The price decline is huge. Prices are now back to July 2005, 22 months ago!
The market gets it.
A more important question is whether it was responsible of Census to publish such large swings in unit sales and the average price, knowing that the data often revise considerably.
I think that personally I have to be open to the possibility that the housing slump is ending, the subprime problem really is contained, and that the economy still has at least two good years left in this business cycle.
Wow. That really didn't feel good to type that one.
Undercover,
Probably a question meant for some other organization. Imaging if Census had not published the data. Somebody's ox would be getting gored. If Census uses the same methods every month, picking and choosing among which to publish and which not would get tricky in a hurry. At some point, we readers must take responsibility for dealing with the data.

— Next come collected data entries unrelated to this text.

(* Let $q_0$ be a probability distribution on $\mathcal X_1$ and, for each $h<H$ and $(x_h,a_h)\in\mathcal A(\mathcal X_h)$, let $q_h(\cdot|x_h,a_h)$ be a probability distribution on $\mathcal X_{h+1}(x_h,a_h)$; set $q_{1:h}(x_h)=q_0(x_1)\prod_{h'=1}^{h-1}q_{h'}(x_{h'+1}|x_{h'},a_{h'})$ along the history of $x_h$. Then $$\sum_{h=1}^H\sum_{x_h\in\mathcal X_h}A(x_h)\frac{q_{1:h}(x_h)}{p^\star_{1:h}(x_h)}=A_{\mathcal X}.$$ Moreover, if $A(x)=A$ for all $x\in\mathcal X$, then for every $h\in[H]$, $$\sum_{x_h\in\mathcal X_h}A(x_h)\frac{q_{1:h}(x_h)}{p^\star_{1:h}(x_h)}\le A^{h-H}A_{\mathcal X}.$$
   Context: The max-player's information sets form a finite set $\mathcal X=\bigsqcup_{h=1}^H\mathcal X_h$ with perfect recall: each $x_h\in\mathcal X_h$ has a unique history $(x_1,a_1,\dots,x_{h-1},a_{h-1},x_h)$ with $x_i\in\mathcal X_i$, $a_i\in\mathcal A(x_i)$, where $\mathcal A(x)$ is a finite nonempty action set of size $A(x)$. For $h<H$, $\mathcal X_{h+1}(x_h,a_h)$ is the set of $x_{h+1}\in\mathcal X_{h+1}$ whose history contains $(x_h,a_h)$, assumed nonempty. $\mathcal A(\mathcal X_h)=\{(x_h,a_h):x_h\in\mathcal X_h,a_h\in\mathcal A(x_h)\}$, $A_{\mathcal X}=\sum_{x\in\mathcal X}A(x)$. Write $x'\ge x$ if $x'=x$ or $x$ appears in the history of $x'$. Balanced transitions: $A^\tau(x)=\sum_{x'\ge x}A(x')$; $p^\star_0(x_1)=A^\tau(x_1)/A_{\mathcal X}$ for $x_1\in\mathcal X_1$; $p^\star_h(x_{h+1}|x_h,a_h)=A^\tau(x_{h+1})/\sum_{x'\in\mathcal X_{h+1}(x_h,a_h)}A^\tau(x')$; $p^\star_{1:h}(x_h)=p^\star_0(x_1)\prod_{h'=1}^{h-1}p^\star_{h'}(x_{h'+1}|x_{h'},a_{h'})$ along the history of $x_h$. *)

theory Defs
  imports Main "HOL-Library.FuncSet" Complex_Main
begin

text \<open>Information sets of the max-player are elements of a finite set X of some type 'x.
  layer x in {1..H} is the step h with x in X_h; Act x is the finite nonempty action set A(x);
  par y = (x, a) gives the immediate predecessor pair (x_{h-1}, a_{h-1}) in the (unique, by
  perfect recall) history of y, for y in a layer h > 1.\<close>

definition layer_set :: "'x set \<Rightarrow> ('x \<Rightarrow> nat) \<Rightarrow> nat \<Rightarrow> 'x set" where
  "layer_set X layer h = {x \<in> X. layer x = h}"

definition children :: "'x set \<Rightarrow> ('x \<Rightarrow> nat) \<Rightarrow> ('x \<Rightarrow> 'x \<times> 'a) \<Rightarrow> 'x \<Rightarrow> 'a \<Rightarrow> 'x set" where
  "children X layer par x a = {y \<in> X. 1 < layer y \<and> par y = (x, a)}"
lemma has_integral_RL_L1_triangle:
  assumes "0 < n" and g: "g absolutely_integrable_on {a..x}"
  shows "((\<lambda>s. Gamma n * RL_L1 n a g s) has_integral
           (\<integral>s. (\<integral>t. RL_triangle n a x g t s \<partial>lebesgue) \<partial>lebesgue)) {a..x}"
proof -
  define \<Phi> where "\<Phi> s = (\<integral>t. RL_triangle n a x g t s \<partial>lebesgue)" for s
  note int = integrable_RL_triangle[OF assms]
  have "(\<Phi> has_integral (\<integral>s. \<Phi> s \<partial>lebesgue)) UNIV"
    unfolding \<Phi>_def
    by (rule has_integral_integral_lebesgue[OF
          pair_sigma_finite.integrable_snd[OF pair_sigma_finite_lebesgue int]])
  moreover have "\<Phi> = (\<lambda>s. if s \<in> {a..x} then \<Phi> s else 0)"
  proof
    fix s
    have "(\<lambda>t. RL_triangle n a x g t s) = (\<lambda>t. 0)" if "s \<notin> {a..x}"
      using that by (auto simp: RL_triangle_def fun_eq_iff)
    then show "\<Phi> s = (if s \<in> {a..x} then \<Phi> s else 0)"
      by (simp add: \<Phi>_def)
  qed
  ultimately have has_\<Phi>: "(\<Phi> has_integral (\<integral>s. \<Phi> s \<partial>lebesgue)) {a..x}"
    using has_integral_restrict_UNIV[of "{a..x}" \<Phi>] by simp
  obtain N
    where N_sub: "{s \<in> space lebesgue. \<not> integrable lebesgue (\<lambda>t. RL_triangle n a x g t s)} \<subseteq> N"
    and "emeasure lebesgue N = 0" "N \<in> sets lebesgue"
    using pair_sigma_finite.AE_integrable_snd[OF pair_sigma_finite_lebesgue int] by (rule AE_E)
  then have "N \<in> null_sets lebesgue"
    by (intro null_setsI)
  have int_N: "integrable lebesgue (\<lambda>t. RL_triangle n a x g t s)" if "s \<notin> N" for s
    using N_sub that by auto
  have \<Phi>_eq: "\<Phi> s = Gamma n * RL_L1 n a g s" if "s \<in> {a..x}" "s \<notin> N" for s
  proof -
    have eq: "(\<lambda>t. RL_triangle n a x g t s)
        = (\<lambda>t. indicator {a..s} t *\<^sub>R (rl_kernel n (s - t) * g t))"
      using that by (auto simp: RL_triangle_def indicator_def fun_eq_iff)
    then have "set_integrable lebesgue {a..s} (\<lambda>t. rl_kernel n (s - t) * g t)"
      using int_N[OF \<open>s \<notin> N\<close>] by (simp add: set_integrable_def)
    then have "(LINT t:{a..s}|lebesgue. rl_kernel n (s - t) * g t)
        = integral {a..s} (\<lambda>t. rl_kernel n (s - t) * g t)"
      by (rule set_lebesgue_integral_eq_integral(2))
    moreover have "Gamma n > 0"
      using \<open>0 < n\<close> by simp
    ultimately show ?thesis
      unfolding \<Phi>_def eq set_lebesgue_integral_def RL_L1_def by simp
  qed
  show ?thesis
    unfolding \<Phi>_def[symmetric]
    by (rule has_integral_spike[OF negligible_iff_null_sets[THEN iffD2,
          OF \<open>N \<in> null_sets lebesgue\<close>] _ has_\<Phi>]) (simp add: \<Phi>_eq)
qed

lemma integral_RL_L1:
  assumes "0 < n" and g: "g absolutely_integrable_on {a..b}" and x: "x \<in> {a..b}"
  shows "integral {a..x} (RL_L1 n a g) = RL_L1 (n + 1) a g x"
proof -
  have "Gamma n > 0"
    using \<open>0 < n\<close> by auto
  have gx: "g absolutely_integrable_on {a..x}"
    using absolutely_integrable_on_subinterval[OF g] x by auto
  have kg: "(\<lambda>t. (x - t) powr n / n * g t) absolutely_integrable_on {a..x}"
    using \<open>0 < n\<close>
    by (intro absolutely_integrable_continuous_mult[OF _ gx] continuous_intros continuous_on_powr')
      auto
  have "(\<integral>t. (\<integral>s. RL_triangle n a x g t s \<partial>lebesgue) \<partial>lebesgue)
      = (LINT t:{a..x}|lebesgue. (x - t) powr n / n * g t)"
    by (simp add: RL_triangle_inner(2)[OF \<open>0 < n\<close>] set_lebesgue_integral_def ac_simps)
  also have "\<dots> = integral {a..x} (\<lambda>t. (x - t) powr n / n * g t)"
    by (rule set_lebesgue_integral_eq_integral(2)[OF kg])
  also have "\<dots> = integral {a..x} (\<lambda>t. 1 / n * (rl_kernel (n + 1) (x - t) * g t))"
    using \<open>0 < n\<close> by (intro integral_cong) (auto simp: rl_kernel_powr)
  also have "\<dots> = Gamma n * RL_L1 (n + 1) a g x"
    using \<open>0 < n\<close> Gamma_plus1[of n] \<open>Gamma n > 0\<close>[THEN less_imp_neq, symmetric]
    by (simp add: RL_L1_def nonpos_Ints_def)
  finally have "(\<integral>s. (\<integral>t. RL_triangle n a x g t s \<partial>lebesgue) \<partial>lebesgue)
      = Gamma n * RL_L1 (n + 1) a g x"
    using pair_sigma_finite.Fubini_integral[OF pair_sigma_finite_lebesgue
        integrable_RL_triangle[OF \<open>0 < n\<close> gx]]
    by simp
  then have "((\<lambda>s. Gamma n * RL_L1 n a g s) has_integral Gamma n * RL_L1 (n + 1) a g x) {a..x}"
    using has_integral_RL_L1_triangle[OF \<open>0 < n\<close> gx] by simp
  then have "((\<lambda>s. 1 / Gamma n * (Gamma n * RL_L1 n a g s)) has_integral
      1 / Gamma n * (Gamma n * RL_L1 (n + 1) a g x)) {a..x}"
    by (rule has_integral_mult_right)
  then show ?thesis
    using \<open>Gamma n > 0\<close> by (simp add: integral_unique)
qed

section \<open>Fractional integrals of order below one\<close>

lemma prim_RL_L1_eq_RL_fun:
  assumes "0 < n" "g absolutely_integrable_on {a..b}" "x \<in> {a..b}"
  shows "prim a (RL_L1 n a g) x = RL_fun (n + 1) a (prim a g) x"
  using integral_RL_L1[OF assms] RL_L1_eq_RL_fun_prim[of "n + 1" x a b g] assms
  by (simp add: prim_def)

lemma RL_limit_RL_fun:
  assumes "0 < n" "a \<le> b" and F: "F \<in> DHK a b"
  shows "RL_limit n a b F (RL_fun (n + 1) a F)"
  unfolding RL_limit_def
proof (intro conjI allI impI)
  have "1 \<le> n + 1"
    using \<open>0 < n\<close> by simp
  then show "RL_fun (n + 1) a F \<in> DHK a b"
    using RL_fun_DHK \<open>a \<le> b\<close> F by blast
  fix gs :: "nat \<Rightarrow> real \<Rightarrow> real"
  assume "(\<forall>k. gs k absolutely_integrable_on {a..b}) \<and>
    (\<lambda>k. alex_norm a b (\<lambda>x. prim a (gs k) x - F x)) \<longlonglongrightarrow> 0"
  then have gs: "\<And>k. gs k absolutely_integrable_on {a..b}"
    and lim: "(\<lambda>k. alex_norm a b (\<lambda>x. prim a (gs k) x - F x)) \<longlonglongrightarrow> 0"
    by auto
  have Gs: "prim a (gs k) \<in> DHK a b" for k
    by (intro prim_DHK set_lebesgue_integral_eq_integral(1) gs)
  have "alex_norm a b (\<lambda>x. prim a (RL_L1 n a (gs k)) x - RL_fun (n + 1) a F x)
      = alex_norm a b (\<lambda>x. RL_fun (n + 1) a (prim a (gs k)) x - RL_fun (n + 1) a F x)" for k
    by (intro alex_norm_cong) (simp add: prim_RL_L1_eq_RL_fun[OF \<open>0 < n\<close> gs])
  then show "(\<lambda>k. alex_norm a b (\<lambda>x. prim a (RL_L1 n a (gs k)) x - RL_fun (n + 1) a F x)) \<longlonglongrightarrow> 0"
    using bounded_linear_DHK_tendsto(1)[OF bounded_linear_DHK_RL_fun[OF \<open>1 \<le> n + 1\<close>]
        \<open>a \<le> b\<close> Gs F lim]
    by simp
qed

lemma RL_limit_unique:
  assumes "0 < n" "a \<le> b" and F: "F \<in> DHK a b"
    and P: "RL_limit n a b F P" and Q: "RL_limit n a b F Q" and x: "x \<in> {a..b}"
  shows "P x = Q x"
proof -
  obtain gs where gs: "\<And>j. continuous_on UNIV (gs j)"
    and lim: "(\<lambda>j. alex_norm a b (\<lambda>x. prim a (gs j) x - F x)) \<longlonglongrightarrow> 0"
    using DHK_approx_by_continuous[OF F \<open>a \<le> b\<close>] by blast
  have int: "gs j absolutely_integrable_on {a..b}" for j
    by (intro absolutely_integrable_continuous_real continuous_on_subset[OF gs]) auto
  have cont: "continuous_on {a..b} (prim a (RL_L1 n a (gs j)))" for j
  proof (rule continuous_on_eq)
    have "1 \<le> n + 1" "prim a (gs j) \<in> DHK a b"
      using \<open>0 < n\<close> by (auto intro!: prim_DHK set_lebesgue_integral_eq_integral(1) int)
    then show "continuous_on {a..b} (RL_fun (n + 1) a (prim a (gs j)))"
      using RL_fun_DHK \<open>a \<le> b\<close> by (simp add: DHK_def)
    show "RL_fun (n + 1) a (prim a (gs j)) x = prim a (RL_L1 n a (gs j)) x" if "x \<in> {a..b}" for x
      using prim_RL_L1_eq_RL_fun[OF \<open>0 < n\<close> int that] by simp
  qed
  have PQ: "continuous_on {a..b} P" "continuous_on {a..b} Q"
    using P Q by (simp_all add: RL_limit_def DHK_def)
  have "(\<lambda>j. alex_norm a b (\<lambda>x. prim a (RL_L1 n a (gs j)) x - P x)) \<longlonglongrightarrow> 0"
    "(\<lambda>j. alex_norm a b (\<lambda>x. prim a (RL_L1 n a (gs j)) x - Q x)) \<longlonglongrightarrow> 0"
    using P Q int lim by (simp_all add: RL_limit_def)
  then show ?thesis
    by (rule alex_norm_limit_unique[OF cont PQ _ _ x])
qed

The price swing is not as remarkable as the sales figure swing, I think. The huge rise in sales in the South probably accounts for much of the drop in median price. What is not accounted for is the huge rise in sales in the South.
The 538,000 units of inventory is slightly below the levels of the last six months. Inventory numbers from the Census Bureau do not include cancellations - and cancellations are at record levels. Actual New Home inventories are much higher - some estimate about 20% higher
Vacant homes are at a all time high over 2 million units. My guess is this is were the past HB cancellations have landed. While the reported inventory is only 6.5 months the real number could easily be an additional 500K homes.
A big part of the inventory issue is that it is focused in less desirable locations, Inland Empire, Sac, Florida, LV to name a few, while developments close to urban population centers are selling.
The vacant home numbers will probably continue to rise with the combination of high HB cancellation rates and foreclourses.
Dear Host,
While we are looking at revisions, take a gander at March 2005. The initial March sales figure was revised down 8.2%, from 1.431 mln to 1.313 mln. This is not a very reliable time of year.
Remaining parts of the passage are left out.